CHAPTER

twenty - three

SATURDAY, 12:27 A.M.

The curvy corridor lay before them. It was creepy and mysterious and oddly inviting.

Both boys had stepped onto the carpeted runner. It was soft and warm under Xander’s bare feet. He forced himself to start walking. David clung to him like one of those remora fish that attached themselves to sharks. It made Xander feel like the big brother he was. When it came to tackling new adventures, David was fearless. As long as he knew others had trod before him and lived, he figured he could do it too.

What spooked the kid was . . . well, spooky things: ghosts, vampires, dark shadows, mysterious noises. The unknown.

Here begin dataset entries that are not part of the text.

(* Let $A$ be a set of regular cardinals with no maximum such that $\sup(A)$ is a strong limit cardinal (regular or singular). Then $\operatorname{spec}(A)\setminus\sup(A)\subseteq\operatorname{spec}^*(A)$.
   Context: $\prod A$ is the set of functions $f$ on $A$ with $f(a)\in a$, ordered pointwise. $\operatorname{spec}(A)$ is the set of regular $\lambda$ for which some $\mathcal{F}\subseteq\prod A$ of size $\lambda$ has every $\lambda$-sized subset unbounded in $(\prod A,<)$. For $\mathcal{G}\subseteq\prod A$, $\operatorname{ub}(\mathcal{G})$ is the set of $a\in A$ such that $\{f(a):f\in\mathcal{G}\}$ is unbounded in $a$. $\operatorname{spec}^*(A)$ (the strong part of the Tukey spectrum) is the set of regular $\lambda$ such that there is $\mathcal{F}\subseteq\prod A$ of size $\lambda$ such that for every $\mathcal{F}_0\subseteq\mathcal{F}$ of size $\lambda$, $\operatorname{ub}(\mathcal{F}_0)$ is unbounded in $\sup(A)$. $\operatorname{spec}(A)\setminus\sup(A)$ denotes the members of $\operatorname{spec}(A)$ that are $\geq\sup(A)$. *)

theory Defs
  imports Main "HOL-Library.FuncSet"
begin

text \<open>Ordinals are modelled as elements of an arbitrary well-ordered type 'o;
  the ordinal alpha is identified with its set of predecessors.\<close>

definition seg :: "'o::wellorder \<Rightarrow> 'o set" where
  "seg \<alpha> = {x. x < \<alpha>}"

definition is_cardinal :: "'o::wellorder \<Rightarrow> bool" where
  "is_cardinal \<kappa> \<longleftrightarrow> (\<forall>\<beta><\<kappa>. \<not> ( ordIso2 (card_of (seg \<beta>)) (card_of (seg \<kappa>)) ))"

definition regular :: "'o::wellorder \<Rightarrow> bool" where
  "regular \<kappa> \<longleftrightarrow> is_cardinal \<kappa> \<and> infinite (seg \<kappa>) \<and>
     (\<forall>X \<subseteq> seg \<kappa>. (\<forall>\<alpha><\<kappa>. \<exists>x\<in>X. \<alpha> \<le> x) \<longrightarrow> ordLeq2 (card_of (seg \<kappa>)) (card_of (X)) )"

definition strong_limit :: "'o::wellorder \<Rightarrow> bool" where
  "strong_limit \<kappa> \<longleftrightarrow> is_cardinal \<kappa> \<and> infinite (seg \<kappa>) \<and>
     (\<forall>\<beta><\<kappa>. ordLess2 (card_of (Pow (seg \<beta>))) (card_of (seg \<kappa>)) )"

definition is_sup :: "'o::wellorder set \<Rightarrow> 'o \<Rightarrow> bool" where
  "is_sup A \<mu> \<longleftrightarrow> (\<forall>a\<in>A. a \<le> \<mu>) \<and> (\<forall>\<beta>. (\<forall>a\<in>A. a \<le> \<beta>) \<longrightarrow> \<mu> \<le> \<beta>)"

definition prodA :: "'o::wellorder set \<Rightarrow> ('o \<Rightarrow> 'o) set" where
  "prodA A = {f \<in> extensional A. \<forall>a\<in>A. f a < a}"

definition pw_less :: "'o::wellorder set \<Rightarrow> ('o \<Rightarrow> 'o) \<Rightarrow> ('o \<Rightarrow> 'o) \<Rightarrow> bool" where
  "pw_less A f g \<longleftrightarrow> (\<forall>a\<in>A. f a < g a)"

definition bounded_in_prod :: "'o::wellorder set \<Rightarrow> ('o \<Rightarrow> 'o) set \<Rightarrow> bool" where
  "bounded_in_prod A G \<longleftrightarrow> (\<exists>g\<in>prodA A. \<forall>f\<in>G. pw_less A f g)"

definition spec :: "'o::wellorder set \<Rightarrow> 'o set" where
  "spec A = {la. regular la \<and> (\<exists>F \<subseteq> prodA A. ordIso2 (card_of (F)) (card_of (seg la)) \<and>
       (\<forall>F0 \<subseteq> F. ordIso2 (card_of (F0)) (card_of (seg la)) \<longrightarrow> \<not> bounded_in_prod A F0))}"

My turn to be brave, Xander thought.

They approached the first light fixture. It was a small statue mounted to the wall: an old man, whose long beard flowed into a tunic. A wreath crowned his head. He held open a book and pointed at a page. His eyes were cut out, allowing the light from the bulb within to shine through them. Xander recognized the style of the carving as ancient Greek—one of the things about having a history teacher for a dad was you got a lot of history lessons. He suspected the man was Plato or Socrates or one of the other brainy sage-types. The top of the lamp was open. Light splashed up the wall in the shape of an ice-cream cone. The ice-cream scoop itself was a glowing circle on the ceiling. As they passed, Xander’s eyes kept darting back to the decorative fixture. He half-expected the old man to turn his head, following their progress.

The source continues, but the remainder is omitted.